> [Work instructions]
Return, from the lines below, each one that includes the word "lemma".

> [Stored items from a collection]
* * *

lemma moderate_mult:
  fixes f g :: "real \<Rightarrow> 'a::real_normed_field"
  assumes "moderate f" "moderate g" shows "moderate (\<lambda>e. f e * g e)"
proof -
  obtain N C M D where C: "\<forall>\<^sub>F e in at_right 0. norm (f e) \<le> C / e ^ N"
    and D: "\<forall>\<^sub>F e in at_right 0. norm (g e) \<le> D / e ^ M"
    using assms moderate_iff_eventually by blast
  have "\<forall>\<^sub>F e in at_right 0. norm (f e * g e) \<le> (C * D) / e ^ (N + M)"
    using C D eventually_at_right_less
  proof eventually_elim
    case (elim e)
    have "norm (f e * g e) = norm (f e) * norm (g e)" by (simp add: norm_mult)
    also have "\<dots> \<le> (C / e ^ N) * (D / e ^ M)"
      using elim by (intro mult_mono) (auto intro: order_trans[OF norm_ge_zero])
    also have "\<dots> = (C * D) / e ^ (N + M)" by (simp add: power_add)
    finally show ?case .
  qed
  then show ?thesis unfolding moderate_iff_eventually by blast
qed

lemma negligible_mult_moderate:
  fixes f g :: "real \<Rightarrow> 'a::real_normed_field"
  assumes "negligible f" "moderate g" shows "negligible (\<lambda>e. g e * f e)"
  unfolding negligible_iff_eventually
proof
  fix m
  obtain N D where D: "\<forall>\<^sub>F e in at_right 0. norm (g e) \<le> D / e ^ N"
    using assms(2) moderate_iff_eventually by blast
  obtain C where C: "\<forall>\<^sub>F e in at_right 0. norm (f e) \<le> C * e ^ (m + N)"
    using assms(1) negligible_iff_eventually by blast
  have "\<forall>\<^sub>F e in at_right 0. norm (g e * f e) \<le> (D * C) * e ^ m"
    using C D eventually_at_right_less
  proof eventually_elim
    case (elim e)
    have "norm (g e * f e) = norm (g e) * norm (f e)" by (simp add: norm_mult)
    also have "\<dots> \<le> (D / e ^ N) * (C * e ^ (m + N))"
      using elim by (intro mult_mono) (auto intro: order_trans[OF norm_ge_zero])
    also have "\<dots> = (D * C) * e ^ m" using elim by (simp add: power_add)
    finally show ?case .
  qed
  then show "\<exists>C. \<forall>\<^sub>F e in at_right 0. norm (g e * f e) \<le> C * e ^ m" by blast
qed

* * *

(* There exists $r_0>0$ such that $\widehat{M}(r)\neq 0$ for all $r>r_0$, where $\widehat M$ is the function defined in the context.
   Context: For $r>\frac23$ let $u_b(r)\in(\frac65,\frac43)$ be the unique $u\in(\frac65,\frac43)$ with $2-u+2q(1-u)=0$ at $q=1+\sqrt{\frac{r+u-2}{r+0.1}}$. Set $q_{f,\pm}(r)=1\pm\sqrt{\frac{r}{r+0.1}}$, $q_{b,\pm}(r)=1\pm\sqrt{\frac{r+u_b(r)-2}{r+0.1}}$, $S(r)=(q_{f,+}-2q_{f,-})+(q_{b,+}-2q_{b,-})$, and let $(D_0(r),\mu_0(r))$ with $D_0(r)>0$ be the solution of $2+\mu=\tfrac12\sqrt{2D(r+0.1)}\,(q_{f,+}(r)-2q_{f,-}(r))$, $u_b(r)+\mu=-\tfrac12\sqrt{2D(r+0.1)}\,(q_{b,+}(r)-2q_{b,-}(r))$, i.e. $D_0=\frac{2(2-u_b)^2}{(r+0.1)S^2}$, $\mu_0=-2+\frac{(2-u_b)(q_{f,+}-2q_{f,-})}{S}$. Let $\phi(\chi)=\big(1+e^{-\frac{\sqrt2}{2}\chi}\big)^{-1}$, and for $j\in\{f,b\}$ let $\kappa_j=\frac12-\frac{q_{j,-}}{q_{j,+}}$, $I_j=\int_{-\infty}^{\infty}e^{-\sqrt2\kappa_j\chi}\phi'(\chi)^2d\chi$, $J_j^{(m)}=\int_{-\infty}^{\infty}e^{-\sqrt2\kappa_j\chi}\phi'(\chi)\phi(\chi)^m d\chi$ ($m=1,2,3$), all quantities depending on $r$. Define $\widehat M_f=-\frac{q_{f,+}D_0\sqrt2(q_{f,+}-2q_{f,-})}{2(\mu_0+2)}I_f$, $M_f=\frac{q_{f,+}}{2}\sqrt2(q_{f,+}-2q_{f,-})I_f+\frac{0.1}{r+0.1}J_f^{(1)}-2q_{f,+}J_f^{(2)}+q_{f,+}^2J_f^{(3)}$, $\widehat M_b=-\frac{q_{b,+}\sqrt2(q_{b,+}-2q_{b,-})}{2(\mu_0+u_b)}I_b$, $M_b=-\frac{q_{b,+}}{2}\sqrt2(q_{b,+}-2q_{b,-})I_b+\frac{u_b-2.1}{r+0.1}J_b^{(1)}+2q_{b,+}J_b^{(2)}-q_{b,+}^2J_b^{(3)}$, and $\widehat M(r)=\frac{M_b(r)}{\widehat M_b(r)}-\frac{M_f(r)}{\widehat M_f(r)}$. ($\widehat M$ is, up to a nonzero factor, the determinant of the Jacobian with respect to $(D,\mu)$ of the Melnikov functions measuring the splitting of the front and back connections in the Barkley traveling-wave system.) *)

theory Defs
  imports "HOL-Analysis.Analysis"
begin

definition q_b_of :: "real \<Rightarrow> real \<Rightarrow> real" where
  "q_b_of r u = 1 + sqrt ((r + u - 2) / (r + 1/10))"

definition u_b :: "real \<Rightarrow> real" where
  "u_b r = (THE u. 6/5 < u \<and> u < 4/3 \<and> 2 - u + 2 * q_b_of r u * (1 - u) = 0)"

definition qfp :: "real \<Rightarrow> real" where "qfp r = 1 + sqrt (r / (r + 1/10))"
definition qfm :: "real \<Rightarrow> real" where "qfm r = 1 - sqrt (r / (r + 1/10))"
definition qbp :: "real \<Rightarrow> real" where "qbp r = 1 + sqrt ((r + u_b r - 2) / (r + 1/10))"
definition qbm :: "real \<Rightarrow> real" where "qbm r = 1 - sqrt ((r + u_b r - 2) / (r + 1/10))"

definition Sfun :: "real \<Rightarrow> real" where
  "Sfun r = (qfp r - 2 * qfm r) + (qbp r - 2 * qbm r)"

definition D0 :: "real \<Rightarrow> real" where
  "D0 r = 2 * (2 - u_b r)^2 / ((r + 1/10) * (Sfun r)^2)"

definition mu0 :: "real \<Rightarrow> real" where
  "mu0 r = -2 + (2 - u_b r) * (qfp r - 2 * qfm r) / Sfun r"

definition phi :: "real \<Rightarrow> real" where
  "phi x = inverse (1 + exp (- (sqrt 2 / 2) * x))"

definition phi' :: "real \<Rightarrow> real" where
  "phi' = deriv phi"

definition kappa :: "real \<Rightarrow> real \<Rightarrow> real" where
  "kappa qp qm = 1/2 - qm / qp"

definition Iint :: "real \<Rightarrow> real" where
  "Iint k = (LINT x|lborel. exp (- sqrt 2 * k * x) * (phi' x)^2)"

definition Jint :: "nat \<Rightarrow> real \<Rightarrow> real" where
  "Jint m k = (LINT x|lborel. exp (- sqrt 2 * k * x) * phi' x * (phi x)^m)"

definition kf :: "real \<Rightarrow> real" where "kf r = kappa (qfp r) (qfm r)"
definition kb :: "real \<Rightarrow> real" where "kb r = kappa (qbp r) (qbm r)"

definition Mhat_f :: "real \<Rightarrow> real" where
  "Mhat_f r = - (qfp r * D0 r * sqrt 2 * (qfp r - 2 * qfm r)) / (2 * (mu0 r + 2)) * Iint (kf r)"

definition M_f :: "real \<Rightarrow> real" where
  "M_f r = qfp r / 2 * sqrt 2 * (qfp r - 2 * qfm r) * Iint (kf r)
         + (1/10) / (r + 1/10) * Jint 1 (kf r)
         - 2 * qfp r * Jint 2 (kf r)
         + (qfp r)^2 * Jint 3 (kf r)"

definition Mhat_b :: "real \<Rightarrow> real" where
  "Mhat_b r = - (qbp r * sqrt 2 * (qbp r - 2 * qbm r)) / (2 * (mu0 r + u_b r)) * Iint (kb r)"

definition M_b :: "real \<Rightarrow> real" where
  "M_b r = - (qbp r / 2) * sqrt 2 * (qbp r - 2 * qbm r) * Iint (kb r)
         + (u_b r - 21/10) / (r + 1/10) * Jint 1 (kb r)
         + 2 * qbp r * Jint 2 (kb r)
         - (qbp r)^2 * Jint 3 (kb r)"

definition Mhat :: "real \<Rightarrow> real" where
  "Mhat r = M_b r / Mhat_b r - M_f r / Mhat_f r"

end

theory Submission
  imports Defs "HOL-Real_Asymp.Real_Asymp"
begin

* * *

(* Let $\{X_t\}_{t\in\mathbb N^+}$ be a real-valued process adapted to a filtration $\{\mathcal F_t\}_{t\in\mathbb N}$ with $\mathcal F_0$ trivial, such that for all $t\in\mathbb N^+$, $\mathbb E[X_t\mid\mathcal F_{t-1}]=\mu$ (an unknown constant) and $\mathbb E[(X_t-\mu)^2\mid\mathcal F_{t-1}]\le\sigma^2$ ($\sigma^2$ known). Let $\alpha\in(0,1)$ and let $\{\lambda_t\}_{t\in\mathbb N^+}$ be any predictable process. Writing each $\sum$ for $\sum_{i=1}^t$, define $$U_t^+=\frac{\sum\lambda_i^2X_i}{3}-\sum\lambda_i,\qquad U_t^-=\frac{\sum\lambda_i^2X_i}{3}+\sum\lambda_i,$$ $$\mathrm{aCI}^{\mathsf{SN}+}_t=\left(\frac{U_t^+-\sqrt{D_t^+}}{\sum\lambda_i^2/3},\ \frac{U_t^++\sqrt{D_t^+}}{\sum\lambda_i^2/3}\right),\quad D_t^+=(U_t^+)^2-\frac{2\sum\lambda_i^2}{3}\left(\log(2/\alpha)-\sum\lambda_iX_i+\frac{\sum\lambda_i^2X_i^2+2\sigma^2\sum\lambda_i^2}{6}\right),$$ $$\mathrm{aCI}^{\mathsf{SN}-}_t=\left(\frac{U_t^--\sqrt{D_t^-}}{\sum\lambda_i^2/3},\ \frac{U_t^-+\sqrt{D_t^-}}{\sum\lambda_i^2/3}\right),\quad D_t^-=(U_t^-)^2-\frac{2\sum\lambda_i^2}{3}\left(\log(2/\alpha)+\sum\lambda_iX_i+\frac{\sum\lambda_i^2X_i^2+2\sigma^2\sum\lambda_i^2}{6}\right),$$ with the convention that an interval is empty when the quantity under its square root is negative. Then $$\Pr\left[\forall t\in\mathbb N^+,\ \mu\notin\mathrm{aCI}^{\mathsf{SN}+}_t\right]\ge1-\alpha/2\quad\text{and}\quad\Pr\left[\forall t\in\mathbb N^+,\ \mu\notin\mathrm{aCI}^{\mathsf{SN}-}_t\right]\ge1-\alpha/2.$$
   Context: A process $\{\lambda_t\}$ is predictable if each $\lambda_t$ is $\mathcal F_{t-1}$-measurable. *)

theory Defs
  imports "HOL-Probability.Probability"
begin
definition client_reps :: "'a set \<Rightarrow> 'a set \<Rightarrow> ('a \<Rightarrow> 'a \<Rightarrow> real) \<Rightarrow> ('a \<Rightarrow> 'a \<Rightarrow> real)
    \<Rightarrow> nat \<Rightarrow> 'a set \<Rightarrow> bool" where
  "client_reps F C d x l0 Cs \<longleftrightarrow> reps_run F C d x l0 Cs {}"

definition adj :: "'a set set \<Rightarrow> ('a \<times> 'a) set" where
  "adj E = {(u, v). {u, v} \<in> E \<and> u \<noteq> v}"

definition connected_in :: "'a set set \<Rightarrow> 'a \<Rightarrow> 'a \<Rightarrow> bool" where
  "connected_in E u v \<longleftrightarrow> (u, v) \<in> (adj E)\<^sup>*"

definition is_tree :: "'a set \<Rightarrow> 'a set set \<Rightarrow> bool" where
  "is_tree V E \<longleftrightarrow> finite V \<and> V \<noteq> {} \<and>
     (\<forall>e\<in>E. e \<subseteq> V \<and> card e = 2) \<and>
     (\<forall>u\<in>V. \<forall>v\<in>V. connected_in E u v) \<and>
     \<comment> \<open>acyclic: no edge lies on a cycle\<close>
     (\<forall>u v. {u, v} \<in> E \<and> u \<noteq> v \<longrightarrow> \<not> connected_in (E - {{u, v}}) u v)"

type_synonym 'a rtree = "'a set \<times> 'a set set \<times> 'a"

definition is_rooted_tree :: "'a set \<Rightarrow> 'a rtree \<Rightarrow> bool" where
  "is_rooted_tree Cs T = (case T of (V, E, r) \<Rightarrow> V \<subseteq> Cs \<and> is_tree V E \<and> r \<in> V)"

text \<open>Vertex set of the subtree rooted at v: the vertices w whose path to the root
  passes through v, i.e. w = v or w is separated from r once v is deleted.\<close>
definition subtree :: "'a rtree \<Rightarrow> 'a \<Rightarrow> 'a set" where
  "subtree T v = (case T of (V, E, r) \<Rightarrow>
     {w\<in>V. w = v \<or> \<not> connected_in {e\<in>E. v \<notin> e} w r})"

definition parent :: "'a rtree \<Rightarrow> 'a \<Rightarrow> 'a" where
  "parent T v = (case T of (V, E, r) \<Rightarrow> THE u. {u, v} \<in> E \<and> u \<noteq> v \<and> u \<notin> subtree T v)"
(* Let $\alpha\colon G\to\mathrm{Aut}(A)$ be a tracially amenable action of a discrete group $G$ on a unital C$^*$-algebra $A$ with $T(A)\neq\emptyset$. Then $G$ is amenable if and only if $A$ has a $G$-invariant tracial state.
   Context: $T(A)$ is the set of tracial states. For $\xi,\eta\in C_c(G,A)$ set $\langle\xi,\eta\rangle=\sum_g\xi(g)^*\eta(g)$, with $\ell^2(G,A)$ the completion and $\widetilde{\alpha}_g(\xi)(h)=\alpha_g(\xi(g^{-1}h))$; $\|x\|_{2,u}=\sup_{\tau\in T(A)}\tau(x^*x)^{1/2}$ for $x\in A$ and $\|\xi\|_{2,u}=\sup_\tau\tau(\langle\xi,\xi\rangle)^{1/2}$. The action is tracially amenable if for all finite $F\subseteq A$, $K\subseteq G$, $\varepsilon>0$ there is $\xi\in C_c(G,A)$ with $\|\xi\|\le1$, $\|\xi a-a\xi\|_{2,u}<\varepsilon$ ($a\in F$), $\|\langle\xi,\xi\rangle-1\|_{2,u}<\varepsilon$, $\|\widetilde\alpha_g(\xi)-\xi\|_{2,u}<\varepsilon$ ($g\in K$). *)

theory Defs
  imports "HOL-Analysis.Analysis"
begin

* * *

> [Response to the task]
lemma moderate_mult:
lemma negligible_mult_moderate:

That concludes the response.